[Saved data entries]
# # # #

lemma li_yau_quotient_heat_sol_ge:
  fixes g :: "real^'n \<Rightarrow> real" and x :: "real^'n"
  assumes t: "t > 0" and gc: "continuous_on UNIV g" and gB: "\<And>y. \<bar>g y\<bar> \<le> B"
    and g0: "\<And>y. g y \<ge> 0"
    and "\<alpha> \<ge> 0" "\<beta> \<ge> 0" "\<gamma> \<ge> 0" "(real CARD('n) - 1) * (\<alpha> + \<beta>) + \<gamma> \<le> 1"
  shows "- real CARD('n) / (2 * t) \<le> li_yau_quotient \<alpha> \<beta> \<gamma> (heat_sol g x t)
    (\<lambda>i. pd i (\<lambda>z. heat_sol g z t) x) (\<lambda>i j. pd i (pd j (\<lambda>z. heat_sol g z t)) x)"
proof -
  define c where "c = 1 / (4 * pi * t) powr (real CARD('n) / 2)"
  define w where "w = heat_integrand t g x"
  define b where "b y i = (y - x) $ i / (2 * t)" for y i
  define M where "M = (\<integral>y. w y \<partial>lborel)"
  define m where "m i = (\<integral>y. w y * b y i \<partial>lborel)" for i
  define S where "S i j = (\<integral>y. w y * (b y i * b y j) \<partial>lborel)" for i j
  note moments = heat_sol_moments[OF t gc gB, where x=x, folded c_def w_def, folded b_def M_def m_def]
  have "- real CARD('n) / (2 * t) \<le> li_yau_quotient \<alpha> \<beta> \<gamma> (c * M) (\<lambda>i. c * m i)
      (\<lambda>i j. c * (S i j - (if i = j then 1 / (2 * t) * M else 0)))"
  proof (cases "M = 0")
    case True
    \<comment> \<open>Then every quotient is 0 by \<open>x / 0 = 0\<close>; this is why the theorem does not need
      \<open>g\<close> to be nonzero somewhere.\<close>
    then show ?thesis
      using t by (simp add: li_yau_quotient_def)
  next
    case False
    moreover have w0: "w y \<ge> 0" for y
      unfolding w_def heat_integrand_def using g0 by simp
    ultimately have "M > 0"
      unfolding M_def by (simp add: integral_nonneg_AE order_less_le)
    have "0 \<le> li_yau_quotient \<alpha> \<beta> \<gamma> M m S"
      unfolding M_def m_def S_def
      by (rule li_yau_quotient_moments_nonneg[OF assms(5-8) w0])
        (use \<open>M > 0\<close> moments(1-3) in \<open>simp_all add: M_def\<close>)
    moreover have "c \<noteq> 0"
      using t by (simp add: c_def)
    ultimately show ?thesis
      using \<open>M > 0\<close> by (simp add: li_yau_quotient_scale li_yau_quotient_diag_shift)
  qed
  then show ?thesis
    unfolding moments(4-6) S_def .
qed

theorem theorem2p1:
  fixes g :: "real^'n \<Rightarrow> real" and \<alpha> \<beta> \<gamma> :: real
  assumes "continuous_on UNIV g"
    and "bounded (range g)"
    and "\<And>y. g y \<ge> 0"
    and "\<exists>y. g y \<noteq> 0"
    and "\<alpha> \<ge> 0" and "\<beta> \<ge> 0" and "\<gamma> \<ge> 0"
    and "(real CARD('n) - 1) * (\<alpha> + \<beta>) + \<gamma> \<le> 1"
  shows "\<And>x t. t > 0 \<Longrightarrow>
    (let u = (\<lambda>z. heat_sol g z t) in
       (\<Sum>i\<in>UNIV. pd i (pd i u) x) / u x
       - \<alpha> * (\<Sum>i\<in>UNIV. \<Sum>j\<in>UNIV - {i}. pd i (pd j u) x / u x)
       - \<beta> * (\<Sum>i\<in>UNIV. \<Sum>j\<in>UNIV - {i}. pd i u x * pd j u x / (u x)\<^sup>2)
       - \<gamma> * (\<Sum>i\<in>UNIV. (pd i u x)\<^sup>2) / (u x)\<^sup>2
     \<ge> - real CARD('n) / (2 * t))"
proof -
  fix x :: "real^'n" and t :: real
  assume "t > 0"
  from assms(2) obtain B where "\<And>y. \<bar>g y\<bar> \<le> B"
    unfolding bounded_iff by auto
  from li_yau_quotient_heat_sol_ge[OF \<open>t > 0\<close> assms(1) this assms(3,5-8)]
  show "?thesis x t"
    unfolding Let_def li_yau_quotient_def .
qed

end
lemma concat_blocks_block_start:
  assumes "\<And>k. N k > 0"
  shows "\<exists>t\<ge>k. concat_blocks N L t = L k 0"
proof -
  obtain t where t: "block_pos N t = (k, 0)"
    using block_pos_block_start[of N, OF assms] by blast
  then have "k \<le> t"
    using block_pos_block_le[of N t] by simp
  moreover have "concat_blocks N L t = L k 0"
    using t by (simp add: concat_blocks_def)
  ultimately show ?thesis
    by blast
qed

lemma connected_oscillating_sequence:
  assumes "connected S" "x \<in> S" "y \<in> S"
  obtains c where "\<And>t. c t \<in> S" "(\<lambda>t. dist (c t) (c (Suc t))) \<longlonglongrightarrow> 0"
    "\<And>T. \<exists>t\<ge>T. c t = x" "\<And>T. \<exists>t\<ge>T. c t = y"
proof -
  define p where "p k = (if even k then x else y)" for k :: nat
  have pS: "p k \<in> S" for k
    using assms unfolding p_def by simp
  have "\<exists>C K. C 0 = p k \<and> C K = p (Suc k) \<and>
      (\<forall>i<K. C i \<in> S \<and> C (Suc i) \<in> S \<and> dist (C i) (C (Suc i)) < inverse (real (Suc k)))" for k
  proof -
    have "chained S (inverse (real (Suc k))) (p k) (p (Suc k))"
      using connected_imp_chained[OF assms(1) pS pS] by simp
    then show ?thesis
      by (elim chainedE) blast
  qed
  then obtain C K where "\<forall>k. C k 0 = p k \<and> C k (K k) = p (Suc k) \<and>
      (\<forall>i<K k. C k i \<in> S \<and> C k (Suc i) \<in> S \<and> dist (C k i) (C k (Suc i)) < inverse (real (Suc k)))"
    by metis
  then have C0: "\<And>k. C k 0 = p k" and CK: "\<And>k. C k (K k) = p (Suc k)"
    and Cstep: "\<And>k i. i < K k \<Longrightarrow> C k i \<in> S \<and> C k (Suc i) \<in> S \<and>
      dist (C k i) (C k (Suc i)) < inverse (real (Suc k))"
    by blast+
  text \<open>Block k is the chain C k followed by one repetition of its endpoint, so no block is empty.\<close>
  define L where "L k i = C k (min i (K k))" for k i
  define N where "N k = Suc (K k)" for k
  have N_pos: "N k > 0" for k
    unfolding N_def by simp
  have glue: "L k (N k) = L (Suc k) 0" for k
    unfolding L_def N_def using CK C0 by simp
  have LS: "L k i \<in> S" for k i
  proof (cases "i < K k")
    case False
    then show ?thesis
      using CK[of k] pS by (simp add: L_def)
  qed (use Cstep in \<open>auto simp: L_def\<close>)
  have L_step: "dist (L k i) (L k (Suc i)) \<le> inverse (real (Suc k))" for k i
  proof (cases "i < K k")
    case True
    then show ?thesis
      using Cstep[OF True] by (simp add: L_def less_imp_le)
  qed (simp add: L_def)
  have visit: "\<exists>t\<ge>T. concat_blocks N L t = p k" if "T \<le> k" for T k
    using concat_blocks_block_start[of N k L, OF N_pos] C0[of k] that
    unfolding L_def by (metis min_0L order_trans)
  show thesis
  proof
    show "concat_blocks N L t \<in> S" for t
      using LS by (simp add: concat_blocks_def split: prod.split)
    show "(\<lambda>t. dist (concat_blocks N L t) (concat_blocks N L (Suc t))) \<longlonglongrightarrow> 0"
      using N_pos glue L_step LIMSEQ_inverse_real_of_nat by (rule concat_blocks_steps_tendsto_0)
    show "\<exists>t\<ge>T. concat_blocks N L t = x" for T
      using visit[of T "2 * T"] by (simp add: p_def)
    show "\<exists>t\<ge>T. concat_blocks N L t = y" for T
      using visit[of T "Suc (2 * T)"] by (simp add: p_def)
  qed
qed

# # # #

[ACTIVITY]
Reproduce, word for word and in full, only the lines above that start at the line with "- \<beta> * (\<Sum>i\<in>UNIV." and run through the line with "unfolding bounded_iff by auto", both ends included.

[ANSWER TO THE PROBLEM]
       - \<beta> * (\<Sum>i\<in>UNIV. \<Sum>j\<in>UNIV - {i}. pd i u x * pd j u x / (u x)\<^sup>2)
       - \<gamma> * (\<Sum>i\<in>UNIV. (pd i u x)\<^sup>2) / (u x)\<^sup>2
     \<ge> - real CARD('n) / (2 * t))"
proof -
  fix x :: "real^'n" and t :: real
  assume "t > 0"
  from assms(2) obtain B where "\<And>y. \<bar>g y\<bar> \<le> B"
    unfolding bounded_iff by auto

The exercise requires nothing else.